Escribo por lo que leo. *el sistema comun de porteros de 3 hilos lo conozco bien*  si conoces ese, podes deducir como anda el otro, es lo que digo. Paso.


----------



## el-rey-julien (Mar 12, 2010)

asi es en definitiva son todos muy parecidos ,quizas algunos con relay de retencion ,intercomunicados ,pero basicamente es lo mismo el principio de funcionamiento


----------



## fernandob (Mar 13, 2010)

vamos a ver :

portero comun : figura 1

1 -- si mal no recuerdo la vez que mire ese portero solo tenia una capsula, creo incluso que era un parlantito , no recuerdo bien .
el mismo transductor conmo Tx que como Rx ??? 

2 --- si fuese un ssitema medianamente comun , he realizado por ejemplo el tema de manejar un frente interno , y cuando queres invertir el asunto tambien tenes que invertir la polaridad de la calle , o mas bien .....
si de el frente interno queres hablar con la calle el comun sera - pero si queres hablar con lso internos sera + .

desde el depto no se puede hacer todo .

3 -- lo mas importante Y EL MOTIVO POR EL CUAL NO TRATO DE VER SI YO PUEDO LOGRAR HACER UN ESQUEMA VALIDO es que no quiero yo diseñar nada mio ni original.
solo quiero saber como funciona ese que ya existe, quizas sea un diseño fantastico , quizas sea una porqueria, pero asi es.
yo quiero saber como es para ver si me conviene meterle mano para el mantenimiento .
por eso necesito saber si alguien ya lo conoce, no que lo deduzcan.

saludos


----------



## el-rey-julien (Mar 13, 2010)

{http://www.porterito.com.ar/}  no esta aca el esquema que vuscas .sin los corchetes el enlaze,
para mi que es este ,pero ayudaria si nencionaras la marca del portero,los dos frentes podes oviar uno y quedaria en esa conecion

http://www.netyer.com/ http://www.portexargentina.com.ar/ http://www.porterito.com.ar/
 por aca vas a encontrar tu esquema tampoco es tan raro solo que ya no se usa mucho esa coneccion,ay muchos esquemas


----------



## fernandob (Mar 13, 2010)

hola gustavo , de verdad te agradezco tu preocupacion pero NO ME COMPRENDES.

ya fueron muchos otros services (en años) y ese tipo de portero NO es compatible con los comunes, netyer , boyaca , bellsonic, etc.
NO es un portero comun .
*mire en detalle los planos que me enviaste  y son para un portero electrico comun .*
si vas a un depto veras que es una cajita de madera, casi casera como un baffle de el abuelo, con botones.

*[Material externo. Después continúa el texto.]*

definition f_coloring :: "nat set \<Rightarrow> (nat \<times> nat) set \<Rightarrow> (nat \<Rightarrow> real) \<Rightarrow> (nat \<Rightarrow> real set) \<Rightarrow> bool" where
  "f_coloring V E f \<phi> \<longleftrightarrow>
     (\<forall>v\<in>V. \<phi> v \<in> sets lebesgue \<and> \<phi> v \<subseteq> {0..1} \<and> measure lebesgue (\<phi> v) \<ge> f v) \<and>
     (\<forall>u\<in>V. \<forall>w\<in>V. (u, w) \<in> E \<longrightarrow> \<phi> u \<inter> \<phi> w = {})"

end

theory Submission
  imports Defs "HOL-Library.Nat_Bijection"
begin

text \<open>Let \<open>M\<close> be a common multiple of the local clique numbers \<open>\<omega>(v)\<close> of \<open>H\<close> and blow up each
  vertex \<open>v\<close> of \<open>H\<close> into a clique of \<open>M / \<omega>(v)\<close> vertices; the blowup is an induced subgraph
  of a blowup of \<open>G\<close>. A clique of it projects onto a clique \<open>P\<close> of \<open>H\<close> and every \<open>v \<in> P\<close>
  has \<open>\<omega>(v) \<ge> |P|\<close>, so the clique has at most \<open>\<Sum>v\<in>P. M / \<omega>(v) \<le> M\<close> vertices. Hence the
  blowup has a proper colouring with \<open>k \<le> c M\<close> colours, under which the fibre of \<open>v\<close> receives
  \<open>M / \<omega>(v)\<close> distinct colours. Assigning to \<open>v\<close> the union of the intervals
  \<open>[j / k, (j + 1) / k)\<close> over the colours \<open>j\<close> of its fibre gives a set of measure
  \<open>M / (\<omega>(v) k) \<ge> 1 / (c \<omega>(v))\<close>, and adjacent vertices receive disjoint sets.\<close>

definition colour_interval :: "nat \<Rightarrow> nat \<Rightarrow> real set" where
  "colour_interval k j = {real j / real k ..< (real j + 1) / real k}"

lemma disjoint_colour_interval:
  assumes "k > 0" "i \<noteq> j"
  shows "colour_interval k i \<inter> colour_interval k j = {}"
proof -
  have "real i < real j + 1 \<and> real j < real i + 1"
    if "x \<in> colour_interval k i" "x \<in> colour_interval k j" for x
    using that assms(1) by (auto simp: colour_interval_def field_simps)
  then show ?thesis using assms(2) by fastforce
qed

lemma colour_interval_subset:
  assumes "j < k"
  shows "colour_interval k j \<subseteq> {0..1}"
proof -
  have "(real j + 1) / real k \<le> 1" using assms by simp
  then show ?thesis by (simp add: colour_interval_def atLeastLessThan_subseteq_atLeastAtMost_iff)
qed

lemma measure_UN_colour_interval:
  assumes "k > 0" "finite C"
  shows "(\<Union>j\<in>C. colour_interval k j) \<in> sets lebesgue"
    and "measure lebesgue (\<Union>j\<in>C. colour_interval k j) = real (card C) / real k"
proof -
  have borel: "(\<Union>j\<in>C. colour_interval k j) \<in> sets lborel"
    using assms(2) by (auto simp: colour_interval_def)
  then show "(\<Union>j\<in>C. colour_interval k j) \<in> sets lebesgue" by simp
  have "measure lborel (\<Union>j\<in>C. colour_interval k j) = (\<Sum>j\<in>C. measure lborel (colour_interval k j))"
    using assms disjoint_colour_interval[OF assms(1)]
    by (intro measure_finite_Union)
       (auto simp: colour_interval_def disjoint_family_on_def divide_right_mono)
  also have "\<dots> = (\<Sum>j\<in>C. 1 / real k)"
    using assms(1) by (intro sum.cong) (auto simp: colour_interval_def field_simps divide_right_mono)
  finally show "measure lebesgue (\<Union>j\<in>C. colour_interval k j) = real (card C) / real k"
    using borel by simp
qed

lemma f_coloring_colour_interval_sets:
  assumes "k > 0"
    and colours: "\<And>v. v \<in> V \<Longrightarrow> C v \<subseteq> {..<k}"
    and disjoint: "\<And>u w. u \<in> V \<Longrightarrow> w \<in> V \<Longrightarrow> (u, w) \<in> E \<Longrightarrow> C u \<inter> C w = {}"
    and demand: "\<And>v. v \<in> V \<Longrightarrow> f v \<le> real (card (C v)) / real k"
  shows "f_coloring V E f (\<lambda>v. \<Union>j\<in>C v. colour_interval k j)"
  unfolding f_coloring_def
proof (intro conjI ballI impI)
  fix v assume "v \<in> V"
  then have "finite (C v)" using colours finite_nat_iff_bounded by blast
  note meas = measure_UN_colour_interval[OF \<open>k > 0\<close> this]
  show "(\<Union>j\<in>C v. colour_interval k j) \<in> sets lebesgue" by (fact meas(1))
  show "f v \<le> measure lebesgue (\<Union>j\<in>C v. colour_interval k j)"
    using demand[OF \<open>v \<in> V\<close>] meas(2) by simp
  show "(\<Union>j\<in>C v. colour_interval k j) \<subseteq> {0..1}"
    using colours[OF \<open>v \<in> V\<close>] colour_interval_subset by blast
next
  fix u w assume "u \<in> V" "w \<in> V" "(u, w) \<in> E"
  then have "colour_interval k i \<inter> colour_interval k j = {}" if "i \<in> C u" "j \<in> C w" for i j
    using disjoint that by (intro disjoint_colour_interval[OF \<open>k > 0\<close>]) blast
  then show "(\<Union>j\<in>C u. colour_interval k j) \<inter> (\<Union>j\<in>C w. colour_interval k j) = {}"
    by blast
qed

lemma finite_clique_sizes: "finite W \<Longrightarrow> finite {card K | K. K \<subseteq> W \<and> is_clique F K}"
  by (rule finite_subset[of _ "card ` Pow W"]) auto

lemma card_le_clique_number:
  "finite W \<Longrightarrow> K \<subseteq> W \<Longrightarrow> is_clique F K \<Longrightarrow> card K \<le> clique_number W F"
  unfolding clique_number_def by (rule Max_ge[OF finite_clique_sizes]) auto

lemma clique_number_le:
  assumes "finite W" "\<And>K. K \<subseteq> W \<Longrightarrow> is_clique F K \<Longrightarrow> card K \<le> m"
  shows "clique_number W F \<le> m"
proof -
  have "is_clique F {}" by (simp add: is_clique_def)
  then show ?thesis
    using assms unfolding clique_number_def by (subst Max_le_iff[OF finite_clique_sizes]) auto
qed

lemma card_le_local_omega:
  assumes "finite S" "K \<subseteq> S" "is_clique F K" "v \<in> K"
  shows "card K \<le> local_omega S F v"
proof -
  let ?N = "closed_nbhd S F v"
  have "finite ?N" using assms(1) by (simp add: closed_nbhd_def)
  moreover have "K \<subseteq> ?N" using assms(2-4) by (auto simp: closed_nbhd_def is_clique_def)
  moreover have "is_clique (induced_edges F ?N) K"
    using assms(3) \<open>K \<subseteq> ?N\<close> by (auto simp: is_clique_def induced_edges_def)
  ultimately show ?thesis unfolding local_omega_def by (rule card_le_clique_number)
qed

lemma local_omega_pos: "finite S \<Longrightarrow> v \<in> S \<Longrightarrow> 0 < local_omega S F v"
  using card_le_local_omega[of S "{v}" F v] by (simp add: is_clique_def)

lemma is_graph_induced: "is_graph V E \<Longrightarrow> S \<subseteq> V \<Longrightarrow> is_graph S (induced_edges E S)"
  by (auto simp: is_graph_def induced_edges_def sym_def irrefl_def intro: finite_subset)

definition proper_colouring :: "nat set \<Rightarrow> (nat \<times> nat) set \<Rightarrow> nat \<Rightarrow> (nat \<Rightarrow> nat) \<Rightarrow> bool" where
  "proper_colouring V E k col \<longleftrightarrow>
     (\<forall>v\<in>V. col v < k) \<and> (\<forall>u\<in>V. \<forall>w\<in>V. (u, w) \<in> E \<longrightarrow> col u \<noteq> col w)"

en los dibujos que pones usan aparatos de portero electrico comunes , con Tx y Rx .

cacho puso correctamente que lo conocia de vista y funciona en forma muy manual, tipo comunicador de la PRIMERA gueerra mundial, en el cual hay que decir "cambio" cuando dejas de hablar y le das a el otro la linea.

un saludo y gracias igual.


----------



## unmonje (Abr 16, 2012)

fernandob dijo:


> hola gustavo , de verdad te agradezco tu preocupacion pero NO ME COMPRENDES.
> 
> ya fueron muchos otros services (en años) y ese tipo de portero NO es compatible con los comunes, netyer , boyaca , bellsonic, etc.
> NO es un portero comun .
> ...



Tarde pero inseguro,jajaja, lo que tu tenias entre manos entiendo,, es un sisitema ecoonomico que usa el mismo parlante como microfono y lo opera el abonado desde dentro.Se Levanta el telefono que esta en escucha y se pulsa para hablar hacia la calle,usa clavijas de varios pares para hacer la maniobra,dado su falta de normativa es acosnsejable que hayas quitado los pies del plato.Asi al no funcionar el consorcio se vera obligado a estandarizarlo por completo en todas las unidades habitacionales
Los mas sofisticados usaban un amplificador de corriente ,conectando el parlante en el emisor de un transistor que emitia por colector señal a la bocina o al auricular. 
El visitante nunca se enteraba que era un portero raro porque lo operaba el propietario.

Saludos.


----------